As a partial workaround for existing configurations, it is possible to
systematically indicate at least two processes or two threads at once
and map them by pairs or more so that at least two values are present
in the range. E.g :

  # set processes 1-4 to cpus 0-3 :

     cpu-map auto:1-4/1 0 1 2 3
  # or:
     cpu-map 1-2/1 0 1
     cpu-map 2-3/1 2 3

  # set threads 1-4 to cpus 0-3 :

     cpu-map auto:1/1-4 0 1 2 3
  # or :
     cpu-map 1/1-2 0 1
     cpu-map 3/3-4 2 3

This fix must be backported to 2.0.

(cherry picked from commit 7764a57d3292b6b4f1e488b8ae07ff5699dc73e1)
Signed-off-by: Willy Tarreau <w@1wt.eu>
diff --git a/src/cfgparse-global.c b/src/cfgparse-global.c
index 4ecaff1..b117ebc 100644
--- a/src/cfgparse-global.c
+++ b/src/cfgparse-global.c
@@ -1032,8 +1032,19 @@
 			goto out;
 		}
 
-		if (atleast2(proc)) {
-			/* Mapping at the process level */
+		/* we now have to deal with 3 real cases :
+		 *    cpu-map P-Q    => mapping for whole processes, numbers P to Q
+		 *    cpu-map P-Q/1  => mapping of first thread of processes P to Q
+		 *    cpu-map 1/T-U  => mapping of threads T to U of process 1
+		 * Otherwise other combinations are silently ignored since nbthread
+		 * and nbproc cannot both be >1 :
+		 *    cpu-map P-Q/T  => mapping for thread T for processes P to Q.
+		 *                      Only one of T,Q may be > 1, others ignored.
+		 *    cpu-map P/T-U  => mapping for threads T to U of process P. Only
+		 *                      one of P,U may be > 1, others ignored.
+		 */
+		if (!thread) {
+			/* mapping for whole processes. E.g. cpu-map 1-4 0-3 */
 			for (i = n = 0; i < MAX_PROCS; i++) {
 				/* No mapping for this process */
 				if (!(proc & (1UL << i)))
@@ -1046,20 +1057,39 @@
 					global.cpu_map.proc[i] = (1UL << (n-1));
 				}
 			}
-		}
+		} else {
+			/* Mapping at the thread level.
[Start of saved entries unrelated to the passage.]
(* Let $A,B\in\mathcal{F}_2$ be commonly ordered configurations of two robots. There exists a feasible schedule $M$ from $A$ to $B$ with $\Sigma(M)=\sum_{i=1}^2\|a_i-b_i\|$ in which each robot makes at most one turn.
   Context: Robots are axis-parallel unit squares: a robot at $p$ occupies $p+\boxdot$, $\boxdot=\{q:\|q\|_\infty\le1/2\}$. Distances use the $L_1$ norm $\|p\|=|x(p)|+|y(p)|$. A configuration of two robots is a pair $(p_1,p_2)$ with $\|p_1-p_2\|_\infty\ge 1$; $\mathcal{F}_2$ is their set. A trajectory from $a$ to $b$ over $T=[t_0,t_1]$ is a $1$-Lipschitz (w.r.t. $L_1$) map $m:T\to\mathbb{R}^2$, $m(t_0)=a$, $m(t_1)=b$, whose image is a polygonal chain; a turn is a point of the image where two segments of different orientations meet. A schedule $M=(m_1,m_2)$ is feasible if $M(t)\in\mathcal{F}_2$ for all $t$; $\Sigma(M)$ is the sum of the lengths of the chains. The four orderings are $\mathcal{F}_2^{\rightarrow}=\{(p_1,p_2)\in\mathcal{F}_2: x(p_1)\ge x(p_2)+1\}$, $\mathcal{F}_2^{\leftarrow}=\{x(p_2)\ge x(p_1)+1\}$, $\mathcal{F}_2^{\uparrow}=\{y(p_1)\ge y(p_2)+1\}$, $\mathcal{F}_2^{\downarrow}=\{y(p_2)\ge y(p_1)+1\}$. Two configurations are commonly ordered if both lie in the same ordering. *)

theory Defs
  imports "HOL-Analysis.Analysis"
begin

type_synonym pt = "real \<times> real"

definition l1dist :: "pt \<Rightarrow> pt \<Rightarrow> real" where
  "l1dist p q = \<bar>fst p - fst q\<bar> + \<bar>snd p - snd q\<bar>"

definition linfdist :: "pt \<Rightarrow> pt \<Rightarrow> real" where
  "linfdist p q = max \<bar>fst p - fst q\<bar> \<bar>snd p - snd q\<bar>"

definition F2 :: "(pt \<times> pt) set" where
  "F2 = {(p1, p2). linfdist p1 p2 \<ge> 1}"

definition F2_right :: "(pt \<times> pt) set" where
  "F2_right = {(p1, p2). (p1, p2) \<in> F2 \<and> fst p1 \<ge> fst p2 + 1}"
definition F2_left :: "(pt \<times> pt) set" where
  "F2_left = {(p1, p2). (p1, p2) \<in> F2 \<and> fst p2 \<ge> fst p1 + 1}"
definition F2_up :: "(pt \<times> pt) set" where
  "F2_up = {(p1, p2). (p1, p2) \<in> F2 \<and> snd p1 \<ge> snd p2 + 1}"
definition F2_down :: "(pt \<times> pt) set" where
  "F2_down = {(p1, p2). (p1, p2) \<in> F2 \<and> snd p2 \<ge> snd p1 + 1}"

definition commonly_ordered :: "(pt \<times> pt) \<Rightarrow> (pt \<times> pt) \<Rightarrow> bool" where
  "commonly_ordered A B \<longleftrightarrow>
     (\<exists>S \<in> {F2_right, F2_left, F2_up, F2_down}. A \<in> S \<and> B \<in> S)"

fun chain_image :: "pt list \<Rightarrow> pt set" where
  "chain_image [] = {}"
| "chain_image [p] = {p}"
| "chain_image (p # q # r) = closed_segment p q \<union> chain_image (q # r)"

fun chain_len :: "pt list \<Rightarrow> real" where
  "chain_len [] = 0"
| "chain_len [p] = 0"
| "chain_len (p # q # r) = l1dist p q + chain_len (q # r)"

definition different_orientation :: "pt \<Rightarrow> pt \<Rightarrow> pt \<Rightarrow> bool" where
  "different_orientation p q r \<longleftrightarrow>
     (fst q - fst p) * (snd r - snd q) \<noteq> (snd q - snd p) * (fst r - fst q)"

definition turns :: "pt list \<Rightarrow> nat" where
  "turns ps = card {i. 0 < i \<and> i + 1 < length ps \<and>
                       different_orientation (ps ! (i - 1)) (ps ! i) (ps ! (i + 1))}"

definition trajectory :: "(real \<Rightarrow> pt) \<Rightarrow> pt \<Rightarrow> pt \<Rightarrow> real \<Rightarrow> real \<Rightarrow> pt list \<Rightarrow> bool" where
  "trajectory m a b t0 t1 ps \<longleftrightarrow>
     t0 \<le> t1 \<and> m t0 = a \<and> m t1 = b \<and>
     (\<forall>s\<in>{t0..t1}. \<forall>t\<in>{t0..t1}. l1dist (m s) (m t) \<le> \<bar>s - t\<bar>) \<and>
     ps \<noteq> [] \<and> hd ps = a \<and> last ps = b \<and>
     (\<forall>i. i + 1 < length ps \<longrightarrow> ps ! i \<noteq> ps ! (i + 1)) \<and>
     m ` {t0..t1} = chain_image ps"

definition feasible :: "(real \<Rightarrow> pt) \<Rightarrow> (real \<Rightarrow> pt) \<Rightarrow> real \<Rightarrow> real \<Rightarrow> bool" where
  "feasible m1 m2 t0 t1 \<longleftrightarrow> (\<forall>t\<in>{t0..t1}. (m1 t, m2 t) \<in> F2)"

end

theory Submission
  imports Defs
begin

text \<open>Each robot follows an L1-shortest path with a single corner: it first moves along the axis
  that does not separate the robots and then along the separating one.  If \<open>\<phi>\<close> is the separating
  coordinate (up to sign), the half-space \<open>{(p, q). \<phi> q + 1 \<le> \<phi> p}\<close> is a convex part of F2.
  Both robots travel their first legs simultaneously, which leaves \<open>\<phi>\<close> unchanged, and then their
  second legs one after the other.  The joint configuration therefore runs along a polygonal path
  with four vertices in configuration space, and it suffices that these lie in the half-space.
  The only vertex in doubt is the one where just the first mover has arrived: if robot 1 cannot go
  first, i.e. \<open>\<phi> b1 < \<phi> a2 + 1\<close>, then the separation of both A and B gives
  \<open>\<phi> b2 + 1 < \<phi> a1\<close>, so robot 2 can.\<close>

lemma l1dist_nonneg: "0 \<le> l1dist p q"
  unfolding l1dist_def by simp

definition ramp :: "real \<Rightarrow> real \<Rightarrow> real \<Rightarrow> real" where
  "ramp D s t = min 1 (max 0 ((t - s) / D))"

lemma ramp_eq_0: "0 < D \<Longrightarrow> t \<le> s \<Longrightarrow> ramp D s t = 0"
  unfolding ramp_def by (simp add: divide_nonpos_pos)

lemma ramp_eq_1: "0 < D \<Longrightarrow> s + D \<le> t \<Longrightarrow> ramp D s t = 1"
  unfolding ramp_def by (simp add: field_simps)

lemma ramp_bounds: "0 \<le> ramp D s t" "ramp D s t \<le> 1"
  unfolding ramp_def by auto

lemma ramp_lipschitz:
  assumes "0 < D"
  shows "\<bar>ramp D s t - ramp D s t'\<bar> \<le> \<bar>t - t'\<bar> / D"
proof -
  have "\<bar>ramp D s t - ramp D s t'\<bar> \<le> \<bar>(t - s) / D - (t' - s) / D\<bar>"
    unfolding ramp_def by (simp add: abs_if min_def max_def)
  also have "\<dots> = \<bar>t - t'\<bar> / D"
    using assms by (simp add: diff_divide_distrib[symmetric])
  finally show ?thesis .
qed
All threads are retained
+			 * for process 1, and only thread 1 is retained for other
+			 * processes.
+			 */
+			if (thread == 0x1) {
+				/* first thread, iterate on processes. E.g. cpu-map 1-4/1 0-3 */
+				for (i = n = 0; i < MAX_PROCS; i++) {
+					/* No mapping for this process */
+					if (!(proc & (1UL << i)))
+						continue;
+					if (!autoinc)
+						global.cpu_map.proc_t1[i] = cpus;
+					else {
+						n += my_ffsl(cpus >> n);
+						global.cpu_map.proc_t1[i] = (1UL << (n-1));
+					}
+				}
+			}
 
-		if (atleast2(thread)) {
-			/* Mapping at the thread level */
-			for (j = n = 0; j < MAX_THREADS; j++) {
-				/* No mapping for this thread */
-				if (!(thread & (1UL << j)))
-					continue;
+			if (proc == 0x1) {
+				/* first process, iterate on threads. E.g. cpu-map 1/1-4 0-3 */
+				for (j = n = 0; j < MAX_THREADS; j++) {
+					/* No mapping for this thread */
+					if (!(thread & (1UL << j)))
+						continue;
 
-				if (!autoinc)
-					global.cpu_map.thread[j] = cpus;
-				else {
-					n += my_ffsl(cpus >> n);
-					global.cpu_map.thread[j] = (1UL << (n-1));
+					if (!autoinc)
+						global.cpu_map.thread[j] = cpus;
+					else {
+						n += my_ffsl(cpus >> n);
+						global.cpu_map.thread[j] = (1UL << (n-1));
+					}
 				}
 			}
 		}
diff --git a/src/haproxy.c b/src/haproxy.c
index 617116c..f6f00fc 100644
--- a/src/haproxy.c
+++ b/src/haproxy.c
@@ -3278,6 +3278,9 @@
 
 #ifdef USE_CPU_AFFINITY
 		/* Now the CPU affinity for all threads */
+		if (global.cpu_map.proc_t1[relative_pid-1])
+			global.cpu_map.thread[0] &= global.cpu_map.proc_t1[relative_pid-1];
+
 		for (i = 0; i < global.nbthread; i++) {
 			if (global.cpu_map.proc[relative_pid-1])
 				global.cpu_map.thread[i] &= global.cpu_map.proc[relative_pid-1];